**What the task requires:** What you give back should match the entries below character for character.

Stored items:
>>>>>

lemma pmf_bind_bernoulli:
  assumes "0 \<le> p" "p \<le> 1"
  shows "pmf (bind_pmf (bernoulli_pmf p) f) x = p * pmf (f True) x + (1 - p) * pmf (f False) x"
proof -
  have "pmf (bind_pmf (bernoulli_pmf p) f) x = (\<Sum>c\<in>UNIV. pmf (bernoulli_pmf p) c *\<^sub>R pmf (f c) x)"
    unfolding pmf_bind by (rule integral_measure_pmf) auto
  thus ?thesis using assms by (simp add: UNIV_bool)
qed

lemma sum_sum_of_bool_card:
  assumes "finite A" "\<And>a. a \<in> A \<Longrightarrow> finite (B a)"
  shows "(\<Sum>a\<in>A. \<Sum>b\<in>B a. of_bool (P a b) :: real) = card {(a, b). a \<in> A \<and> b \<in> B a \<and> P a b}"
proof -
  have "(\<Sum>a\<in>A. \<Sum>b\<in>B a. of_bool (P a b) :: real) = (\<Sum>z\<in>Sigma A B. of_bool (P (fst z) (snd z)))"
    using assms by (subst sum.Sigma) (auto simp: case_prod_beta)
  also have "\<dots> = card (Sigma A B \<inter> {z. P (fst z) (snd z)})"
    using assms by (subst sum_of_bool_eq) auto
  also have "Sigma A B \<inter> {z. P (fst z) (snd z)} = {(a, b). a \<in> A \<and> b \<in> B a \<and> P a b}" by auto
  finally show ?thesis .
qed

lemma fair_coin_choice_commute:
  "bind_pmf (bernoulli_pmf (1/2)) (\<lambda>c. return_pmf (if c then x else y))
   = bind_pmf (bernoulli_pmf (1/2)) (\<lambda>c. return_pmf (if c then y else x))"
  by (rule pmf_eqI) (simp add: pmf_bind_bernoulli)

lemma uniform_half_step:
  assumes fin: "finite A" and disj: "A \<inter> B = {}" and card: "card B = card A" and "A \<noteq> {}"
    and N: "\<And>S. S \<in> A \<Longrightarrow> finite (N S) \<and> card (N S) = d" and "d > 0"
    and hits: "\<And>T. card {(S, b). S \<in> A \<and> b \<in> N S \<and> g S b = T} = (if T \<in> B then d else 0)"
  shows "bind_pmf (pmf_of_set A) (\<lambda>S. bind_pmf (pmf_of_set (N S))
           (\<lambda>b. bind_pmf (bernoulli_pmf (1/2)) (\<lambda>c. return_pmf (if c then g S b else S))))
         = pmf_of_set (A \<union> B)"
proof (rule pmf_eqI)
  fix T
  have cA: "card A > 0" using fin \<open>A \<noteq> {}\<close> by (simp add: card_gt_0_iff)
  have NS: "N S \<noteq> {}" if "S \<in> A" for S using N[OF that] \<open>d > 0\<close> by auto
  have coin: "pmf (bind_pmf (bernoulli_pmf (1/2)) f) x = (pmf (f True) x + pmf (f False) x) / 2"
    for f :: "bool \<Rightarrow> 'a pmf" and x
    by (simp add: pmf_bind_bernoulli field_simps)
  have "pmf (bind_pmf (pmf_of_set A) (\<lambda>S. bind_pmf (pmf_of_set (N S))
           (\<lambda>b. bind_pmf (bernoulli_pmf (1/2)) (\<lambda>c. return_pmf (if c then g S b else S))))) T
      = (\<Sum>S\<in>A. (\<Sum>b\<in>N S. of_bool (g S b = T) + of_bool (S = T)) / (2 * d)) / card A"
    using fin \<open>A \<noteq> {}\<close> NS N
    by (simp add: pmf_bind_pmf_of_set coin sum_divide_distrib[symmetric]
                  indicator_def of_bool_def cong: sum.cong)
  also have "\<dots> = ((\<Sum>S\<in>A. \<Sum>b\<in>N S. of_bool (g S b = T)) + real d * of_bool (T \<in> A))
                  / (2 * real d * real (card A))"
  proof -
    have "(\<Sum>S\<in>A. \<Sum>b\<in>N S. of_bool (S = T) :: real) = real d * of_bool (T \<in> A)"
      using fin N by (simp add: sum_distrib_left[symmetric] of_bool_def sum.delta' cong: sum.cong)
    thus ?thesis by (simp add: sum.distrib sum_divide_distrib[symmetric] del: sum_of_bool_eq)
  qed
  also have "(\<Sum>S\<in>A. \<Sum>b\<in>N S. of_bool (g S b = T) :: real) = real d * of_bool (T \<in> B)"
    using sum_sum_of_bool_card[of A N "\<lambda>S b. g S b = T"] fin N hits by simp
  also have "(real d * of_bool (T \<in> B) + real d * of_bool (T \<in> A)) / (2 * real d * real (card A))
      = pmf (pmf_of_set (A \<union> B)) T"
  proof -
    have "finite B" using card cA card_ge_0_finite by metis
    thus ?thesis using fin disj card cA \<open>d > 0\<close> \<open>A \<noteq> {}\<close>
      by (auto simp: indicator_def card_Un_disjoint)
  qed
  finally show "pmf (bind_pmf (pmf_of_set A) (\<lambda>S. bind_pmf (pmf_of_set (N S))
           (\<lambda>b. bind_pmf (bernoulli_pmf (1/2)) (\<lambda>c. return_pmf (if c then g S b else S))))) T
      = pmf (pmf_of_set (A \<union> B)) T" .
qed

lemma card_insertions:
  "card {(S, b). S \<in> ksubsets n k \<and> b \<in> {1..n} - S \<and> insert b S = T}
   = (if T \<in> ksubsets n (Suc k) then Suc k else 0)"
proof -
  have "{(S, b). S \<in> ksubsets n k \<and> b \<in> {1..n} - S \<and> insert b S = T}
        = (if T \<in> ksubsets n (Suc k) then (\<lambda>b. (T - {b}, b)) ` T else {})"
  proof (intro equalityI subsetI)
    fix z assume "z \<in> {(S, b). S \<in> ksubsets n k \<and> b \<in> {1..n} - S \<and> insert b S = T}"
    then obtain S b where z: "z = (S, b)" "S \<in> ksubsets n k" "b \<in> {1..n} - S" "T = insert b S"
      by auto
    note S = ksubsetsD[OF z(2)]
    have "T \<in> ksubsets n (Suc k)" "b \<in> T" using S z by (auto simp: ksubsets_def)
    moreover have "S = T - {b}" using z by auto
    ultimately show "z \<in> (if T \<in> ksubsets n (Suc k) then (\<lambda>b. (T - {b}, b)) ` T else {})"
      using z(1) by simp
  next
    fix z assume z: "z \<in> (if T \<in> ksubsets n (Suc k) then (\<lambda>b. (T - {b}, b)) ` T else {})"
    then obtain b where T: "T \<in> ksubsets n (Suc k)" and b: "b \<in> T" "z = (T - {b}, b)"
      by (auto split: if_splits)
    note T = ksubsetsD[OF T]
    have "T - {b} \<in> ksubsets n k" using T b by (auto simp: ksubsets_def)
    thus "z \<in> {(S, b). S \<in> ksubsets n k \<and> b \<in> {1..n} - S \<and> insert b S = T}"
      using T b by auto
  qed
  moreover have "card ((\<lambda>b. (T - {b}, b)) ` T) = card T"
    by (rule card_image) (auto simp: inj_on_def)
  ultimately show ?thesis by (auto dest: ksubsetsD)
qed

<<<<<

**Answer box:**
lemma pmf_bind_bernoulli:
  assumes "0 \<le> p" "p \<le> 1"
  shows "pmf (bind_pmf (bernoulli_pmf p) f) x = p * pmf (f True) x + (1 - p) * pmf (f False) x"
proof -
  have "pmf (bind_pmf (bernoulli_pmf p) f) x = (\<Sum>c\<in>UNIV. pmf (bernoulli_pmf p) c *\<^sub>R pmf (f c) x)"
    unfolding pmf_bind by (rule integral_measure_pmf) auto
  thus ?thesis using assms by (simp add: UNIV_bool)
qed

lemma sum_sum_of_bool_card:
  assumes "finite A" "\<And>a. a \<in> A \<Longrightarrow> finite (B a)"
  shows "(\<Sum>a\<in>A. \<Sum>b\<in>B a. of_bool (P a b) :: real) = card {(a, b). a \<in> A \<and> b \<in> B a \<and> P a b}"
proof -
  have "(\<Sum>a\<in>A. \<Sum>b\<in>B a. of_bool (P a b) :: real) = (\<Sum>z\<in>Sigma A B. of_bool (P (fst z) (snd z)))"
    using assms by (subst sum.Sigma) (auto simp: case_prod_beta)
  also have "\<dots> = card (Sigma A B \<inter> {z. P (fst z) (snd z)})"
    using assms by (subst sum_of_bool_eq) auto
  also have "Sigma A B \<inter> {z. P (fst z) (snd z)} = {(a, b). a \<in> A \<and> b \<in> B a \<and> P a b}" by auto
  finally show ?thesis .
qed

lemma fair_coin_choice_commute:
  "bind_pmf (bernoulli_pmf (1/2)) (\<lambda>c. return_pmf (if c then x else y))
   = bind_pmf (bernoulli_pmf (1/2)) (\<lambda>c. return_pmf (if c then y else x))"
  by (rule pmf_eqI) (simp add: pmf_bind_bernoulli)

lemma uniform_half_step:
  assumes fin: "finite A" and disj: "A \<inter> B = {}" and card: "card B = card A" and "A \<noteq> {}"
    and N: "\<And>S. S \<in> A \<Longrightarrow> finite (N S) \<and> card (N S) = d" and "d > 0"
    and hits: "\<And>T. card {(S, b). S \<in> A \<and> b \<in> N S \<and> g S b = T} = (if T \<in> B then d else 0)"
  shows "bind_pmf (pmf_of_set A) (\<lambda>S. bind_pmf (pmf_of_set (N S))
           (\<lambda>b. bind_pmf (bernoulli_pmf (1/2)) (\<lambda>c. return_pmf (if c then g S b else S))))
         = pmf_of_set (A \<union> B)"
proof (rule pmf_eqI)
  fix T
  have cA: "card A > 0" using fin \<open>A \<noteq> {}\<close> by (simp add: card_gt_0_iff)
  have NS: "N S \<noteq> {}" if "S \<in> A" for S using N[OF that] \<open>d > 0\<close> by auto
  have coin: "pmf (bind_pmf (bernoulli_pmf (1/2)) f) x = (pmf (f True) x + pmf (f False) x) / 2"
    for f :: "bool \<Rightarrow> 'a pmf" and x
    by (simp add: pmf_bind_bernoulli field_simps)
  have "pmf (bind_pmf (pmf_of_set A) (\<lambda>S. bind_pmf (pmf_of_set (N S))
           (\<lambda>b. bind_pmf (bernoulli_pmf (1/2)) (\<lambda>c. return_pmf (if c then g S b else S))))) T
      = (\<Sum>S\<in>A. (\<Sum>b\<in>N S. of_bool (g S b = T) + of_bool (S = T)) / (2 * d)) / card A"
    using fin \<open>A \<noteq> {}\<close> NS N
    by (simp add: pmf_bind_pmf_of_set coin sum_divide_distrib[symmetric]
                  indicator_def of_bool_def cong: sum.cong)
  also have "\<dots> = ((\<Sum>S\<in>A. \<Sum>b\<in>N S. of_bool (g S b = T)) + real d * of_bool (T \<in> A))
                  / (2 * real d * real (card A))"
  proof -
    have "(\<Sum>S\<in>A. \<Sum>b\<in>N S. of_bool (S = T) :: real) = real d * of_bool (T \<in> A)"
      using fin N by (simp add: sum_distrib_left[symmetric] of_bool_def sum.delta' cong: sum.cong)
    thus ?thesis by (simp add: sum.distrib sum_divide_distrib[symmetric] del: sum_of_bool_eq)
  qed
  also have "(\<Sum>S\<in>A. \<Sum>b\<in>N S. of_bool (g S b = T) :: real) = real d * of_bool (T \<in> B)"
    using sum_sum_of_bool_card[of A N "\<lambda>S b. g S b = T"] fin N hits by simp
  also have "(real d * of_bool (T \<in> B) + real d * of_bool (T \<in> A)) / (2 * real d * real (card A))
      = pmf (pmf_of_set (A \<union> B)) T"
  proof -
    have "finite B" using card cA card_ge_0_finite by metis
    thus ?thesis using fin disj card cA \<open>d > 0\<close> \<open>A \<noteq> {}\<close>
      by (auto simp: indicator_def card_Un_disjoint)
  qed
  finally show "pmf (bind_pmf (pmf_of_set A) (\<lambda>S. bind_pmf (pmf_of_set (N S))
           (\<lambda>b. bind_pmf (bernoulli_pmf (1/2)) (\<lambda>c. return_pmf (if c then g S b else S))))) T
      = pmf (pmf_of_set (A \<union> B)) T" .
qed

lemma card_insertions:
  "card {(S, b). S \<in> ksubsets n k \<and> b \<in> {1..n} - S \<and> insert b S = T}
   = (if T \<in> ksubsets n (Suc k) then Suc k else 0)"
proof -
  have "{(S, b). S \<in> ksubsets n k \<and> b \<in> {1..n} - S \<and> insert b S = T}
        = (if T \<in> ksubsets n (Suc k) then (\<lambda>b. (T - {b}, b)) ` T else {})"
  proof (intro equalityI subsetI)
    fix z assume "z \<in> {(S, b). S \<in> ksubsets n k \<and> b \<in> {1..n} - S \<and> insert b S = T}"
    then obtain S b where z: "z = (S, b)" "S \<in> ksubsets n k" "b \<in> {1..n} - S" "T = insert b S"
      by auto
    note S = ksubsetsD[OF z(2)]
    have "T \<in> ksubsets n (Suc k)" "b \<in> T" using S z by (auto simp: ksubsets_def)
    moreover have "S = T - {b}" using z by auto
    ultimately show "z \<in> (if T \<in> ksubsets n (Suc k) then (\<lambda>b. (T - {b}, b)) ` T else {})"
      using z(1) by simp
  next
    fix z assume z: "z \<in> (if T \<in> ksubsets n (Suc k) then (\<lambda>b. (T - {b}, b)) ` T else {})"
    then obtain b where T: "T \<in> ksubsets n (Suc k)" and b: "b \<in> T" "z = (T - {b}, b)"
      by (auto split: if_splits)
    note T = ksubsetsD[OF T]
    have "T - {b} \<in> ksubsets n k" using T b by (auto simp: ksubsets_def)
    thus "z \<in> {(S, b). S \<in> ksubsets n k \<and> b \<in> {1..n} - S \<and> insert b S = T}"
      using T b by auto
  qed
  moreover have "card ((\<lambda>b. (T - {b}, b)) ` T) = card T"
    by (rule card_image) (auto simp: inj_on_def)
  ultimately show ?thesis by (auto dest: ksubsetsD)
qed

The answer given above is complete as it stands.